Here is mastery in its most self-evident existence: the merging of the past with the absurdity of the present until the past becomes elevated to a higher state. The remainder of the poem builds upon the fantastic base of solid lyric Morín has painstakingly established, revealing that saudades are not really something to shake you to your cellular core. Rather, they can be viewed as having a higher purpose:

or that if you say saudades
with enough pain and heart the pigs of your past will come
trotting out of the dark, doing their little sideways dance
around you, shaking their hips to the drum
in your chest until you forget what a frown is
or why we need them and oh they will remind you

And who doesn’t need such reminder?
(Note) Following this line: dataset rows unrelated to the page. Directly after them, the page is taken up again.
text \<open>Principal minor of A associated with the index set S (Leibniz formula of the
  principal submatrix A[S,S]); the empty minor is 1.\<close>
definition principal_minor :: "real^'n^'n \<Rightarrow> 'n set \<Rightarrow> real" where
  "principal_minor A S =
     (\<Sum>p\<in>{p. p permutes S}. of_int (sign p) * (\<Prod>i\<in>S. A $ i $ p i))"

text \<open>The rows of A indexed by S (as a family, i.e. counted with multiplicity) are linearly dependent.\<close>
definition rows_dependent :: "real^'n^'n \<Rightarrow> 'n set \<Rightarrow> bool" where
  "rows_dependent A S \<longleftrightarrow>
     (\<exists>c::'n \<Rightarrow> real. (\<exists>i\<in>S. c i \<noteq> 0) \<and> (\<Sum>i\<in>S. c i *\<^sub>R row i A) = 0)"

definition cols_dependent :: "real^'n^'n \<Rightarrow> 'n set \<Rightarrow> bool" where
  "cols_dependent A S \<longleftrightarrow>
     (\<exists>c::'n \<Rightarrow> real. (\<exists>j\<in>S. c j \<noteq> 0) \<and> (\<Sum>j\<in>S. c j *\<^sub>R column j A) = 0)"

definition adequate :: "real^'n^'n \<Rightarrow> bool" where
  "adequate A \<longleftrightarrow>
     (\<forall>S. S \<noteq> {} \<longrightarrow> principal_minor A S \<ge> 0) \<and>
     (\<forall>S. S \<noteq> {} \<longrightarrow> principal_minor A S = 0 \<longrightarrow> rows_dependent A S \<and> cols_dependent A S)"

definition group_invertible :: "real^'n^'n \<Rightarrow> bool" where
  "group_invertible A \<longleftrightarrow> (\<exists>X. A ** X ** A = A \<and> X ** A ** X = X \<and> A ** X = X ** A)"

definition P_sharp_matrix :: "real^'n^'n \<Rightarrow> bool" where
  "P_sharp_matrix A \<longleftrightarrow>
     (\<forall>x. x \<in> range (\<lambda>y. A *v y) \<and> (\<forall>i. x $ i * (A *v x) $ i \<le> 0) \<longrightarrow> x = 0)"

end

theory Submission
  imports Defs
begin

text \<open>With \<open>S\<close> the support of \<open>x\<close>
  and \<open>D\<close> the nonnegative diagonal matrix \<open>d\<^sub>i = -(A x)\<^sub>i / x\<^sub>i\<close>, the vector \<open>x\<close>
  lies in the kernel of \<open>(A + D)[S,S]\<close>. Principal minors of a matrix with nonnegative
  principal minors can only grow when a nonnegative diagonal is added, so \<open>det A[S,S] = 0\<close>.
  Adequacy then yields a kernel vector \<open>w\<close> of \<open>A\<close> supported in \<open>S\<close>; subtracting a suitable
  multiple of \<open>w\<close> from \<open>x\<close> shrinks the support without changing \<open>A x\<close> or the sign
  condition. By induction on the support, \<open>A x = 0\<close>, and group invertibility
  (\<open>R(A) \<inter> N(A) = {0}\<close>) gives \<open>x = 0\<close>.\<close>

definition principal_block :: "real^'n^'n \<Rightarrow> 'n set \<Rightarrow> real^'n^'n" where
  "principal_block A S = (\<chi> i j. if i \<in> S \<and> j \<in> S then A$i$j else if i = j then 1 else 0)"

definition diag_matrix :: "('n \<Rightarrow> real) \<Rightarrow> real^'n^'n" where
  "diag_matrix d = (\<chi> i j. if i = j then d i else 0)"

lemma diag_matrix_mult_vec [simp]: "(diag_matrix d *v x) $ i = d i * x $ i"
  by (simp add: diag_matrix_def matrix_vector_mult_def mult_delta_left)

lemma principal_minor_eq_det:
  fixes A :: "real^'n^'n"
  shows "principal_minor A S = det (principal_block A S)"
proof -
  let ?term = "\<lambda>p. of_int (sign p) * (\<Prod>i\<in>UNIV. principal_block A S $ i $ p i)"
  have "principal_minor A S = sum ?term {p. p permutes UNIV}"
    unfolding principal_minor_def
  proof (rule sum.mono_neutral_cong_left)
    show "{p. p permutes S} \<subseteq> {p. p permutes UNIV}"
      using permutes_subset by blast
    show "\<forall>p\<in>{p. p permutes UNIV} - {p. p permutes S}. ?term p = 0"
    proof
      fix p assume "p \<in> {p. p permutes UNIV} - {p. p permutes S}"
      then obtain i where "i \<notin> S" "p i \<noteq> i"
        unfolding permutes_def by auto
      then have "(\<Prod>i\<in>UNIV. principal_block A S $ i $ p i) = 0"
        by (intro prod_zero) (auto simp: principal_block_def)
      then show "?term p = 0" by simp
    qed
    show "of_int (sign p) * (\<Prod>i\<in>S. A $ i $ p i) = ?term p" if "p \<in> {p. p permutes S}" for p
    proof -
      from that have p: "p permutes S" by simp
      have "(\<Prod>i\<in>UNIV. principal_block A S $ i $ p i) = (\<Prod>i\<in>S. principal_block A S $ i $ p i)"
        by (rule prod.mono_neutral_right) (use p in \<open>auto simp: principal_block_def permutes_not_in\<close>)
      also have "\<dots> = (\<Prod>i\<in>S. A $ i $ p i)"
        by (rule prod.cong) (use p in \<open>auto simp: principal_block_def permutes_in_image\<close>)
      finally show ?thesis by simp
    qed
  qed simp
  then show ?thesis unfolding det_def .
qed

lemma principal_minor_empty [simp]:
  fixes A :: "real^'n^'n"
  shows "principal_minor A {} = 1"
proof -
  have "principal_block A {} = mat 1"
    by (simp add: principal_block_def mat_def vec_eq_iff)
  then show ?thesis by (simp add: principal_minor_eq_det)
qed

lemma adequate_principal_minor_nonneg:
  fixes A :: "real^'n^'n"
  assumes "adequate A"
  shows "principal_minor A S \<ge> 0"
  using assms by (cases "S = {}") (auto simp: adequate_def)

lemma principal_block_mult_vec:
  fixes A :: "real^'n^'n"
  assumes "\<forall>i. x$i \<noteq> 0 \<longrightarrow> i \<in> S"
  shows "(principal_block A S *v x) $ i = (if i \<in> S then (A *v x) $ i else x $ i)"
proof (cases "i \<in> S")
  case True
  then show ?thesis
    unfolding matrix_vector_mult_def
    by (simp, intro sum.cong) (use assms in \<open>auto simp: principal_block_def\<close>)
next
  case False
  then show ?thesis
    by (simp add: principal_block_def matrix_vector_mult_def mult_delta_left)
qed

lemma principal_minor_eq_0_if_kernel:
  fixes A :: "real^'n^'n"
  assumes supp: "\<forall>i. x$i \<noteq> 0 \<longrightarrow> i \<in> S" and ker: "\<forall>i\<in>S. (A *v x)$i = 0" and "x \<noteq> 0"
  shows "principal_minor A S = 0"
proof -
  have "principal_block A S *v x = 0"
    using supp ker by (auto simp: vec_eq_iff principal_block_mult_vec[OF supp])
  with \<open>x \<noteq> 0\<close> have "\<not> invertible (principal_block A S)"
    using matrix_left_invertible_ker invertible_left_inverse by blast
  then show ?thesis by (simp add: principal_minor_eq_det invertible_det_nz)
qed

lemma det_principal_block_unit_row:
  fixes A :: "real^'n^'n"
  assumes "k \<in> S"
  shows "det (\<chi> i. if i = k then axis k 1 else row i (principal_block A S))
    = det (principal_block A (S - {k}))"
  unfolding det_def
proof (rule sum.cong[OF refl])
  fix p assume "p \<in> {p. p permutes (UNIV::'n set)}"
  then have p: "p permutes (UNIV::'n set)" by simp
  let ?M = "\<chi> i. if i = k then axis k 1 else row i (principal_block A S)"
  have "(\<Prod>i\<in>UNIV. ?M $ i $ p i) = (\<Prod>i\<in>UNIV. principal_block A (S - {k}) $ i $ p i)"
  proof (cases "p k = k")
    case True
    show ?thesis
    proof (rule prod.cong[OF refl])
      fix i
      show "?M $ i $ p i = principal_block A (S - {k}) $ i $ p i"
      proof (cases "i = k")
        case True
        then show ?thesis using \<open>p k = k\<close> by (simp add: principal_block_def axis_def)
      next
        case False
        then have "p i \<noteq> k" using \<open>p k = k\<close> injD[OF permutes_inj[OF p]] by metis
        then show ?thesis using False by (simp add: principal_block_def row_def)
      qed
    qed
  next
    case False
    have "(\<Prod>i\<in>UNIV. ?M $ i $ p i) = 0"
      by (intro prod_zero bexI[of _ k]) (use False in \<open>simp_all add: axis_def\<close>)
    moreover have "(\<Prod>i\<in>UNIV. principal_block A (S - {k}) $ i $ p i) = 0"
      by (intro prod_zero bexI[of _ k]) (use False in \<open>simp_all add: principal_block_def\<close>)
    ultimately show ?thesis by (simp only:)
  qed
  then show "of_int (sign p) * (\<Prod>i\<in>UNIV. ?M $ i $ p i)
    = of_int (sign p) * (\<Prod>i\<in>UNIV. principal_block A (S - {k}) $ i $ p i)" by simp
qed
The amazing craft of this poem is that Morín never once tells his reader what to see. Like a deft painter, he uses tiny strokes that let the reader view and engage his or her own sensibility. But what reader will want to refrain from seeing the serendipity of the poem’s conclusion as it flows words like a thick glaze, coating every speck of surrounding substance:

how delicious Carnival is, and how glorious
it is to make the past present, and how
easily one can sleep dressed in feathers.

In examining the minute details Morín has seeded within the poems of Patient Zero, a certain sense of engagement will be required of the reader. But the tricks that the poet has mixed into his magic show of words seem almost self-working, and the reader will be drawn to full engagement in this body of writing, with ease. If not drawn, then compelled. Any reader of poetry will find poems like “Ai,” worthy of compulsion. Within “Ai,” Morín has constructed a delightful approach to elegy—at the very least, a form quite difficult to explore with any sense beyond mourning.

Elegy as poetic discourse is an essential component of a poet’s expression. Yet elegy, without a doubt, presents barriers to its own expression in that it may always be measured as something just a little short of what is needed, for how does one quantify a life and what terms qualify as a whole in the painting of the true value of life, once lost?

Through “Ai,” Morín has stretched the structure of traditional elegy by creating an overview of the life of Ai Ogawa within the outline of the Periodic Table of Elements. To put it another way, the elegiac structure lies within a form of the Periodic Table. To make that possible, he has assigned an atomic weight, an atomic number, a melting point and has meted-out his elaboration of every other aspect normally found in elegy, in the category, “History and Uses.” Is Morín a poet to be reckoned with? Absolutely.

Tomás Morín is a poet engaged in the every day laborious work of poetry. But that is where his tie to run-of-the-mill poetics loses all of its threads. One could say he is an explorer engaging unknown adventure in his practice of poetry, and that description might hit closest to the mark. There is not a portion of Patient Zero that will not lead a reader to some new vistas to view, some unseen, thick-green valleys that lie just beyond what is mapped or to some depth no one has ever dreamed of descending.

Morín’s new book is one that begs to be read. It is more than engaging, more than new and different. Through its pages readers can see the emergence of a master, a poet whose terms are not just defined, they are ones he has crafted from an elemental dust previously unexplored. The bottom line? That Morín is a poet more than worthy of the title: Poet.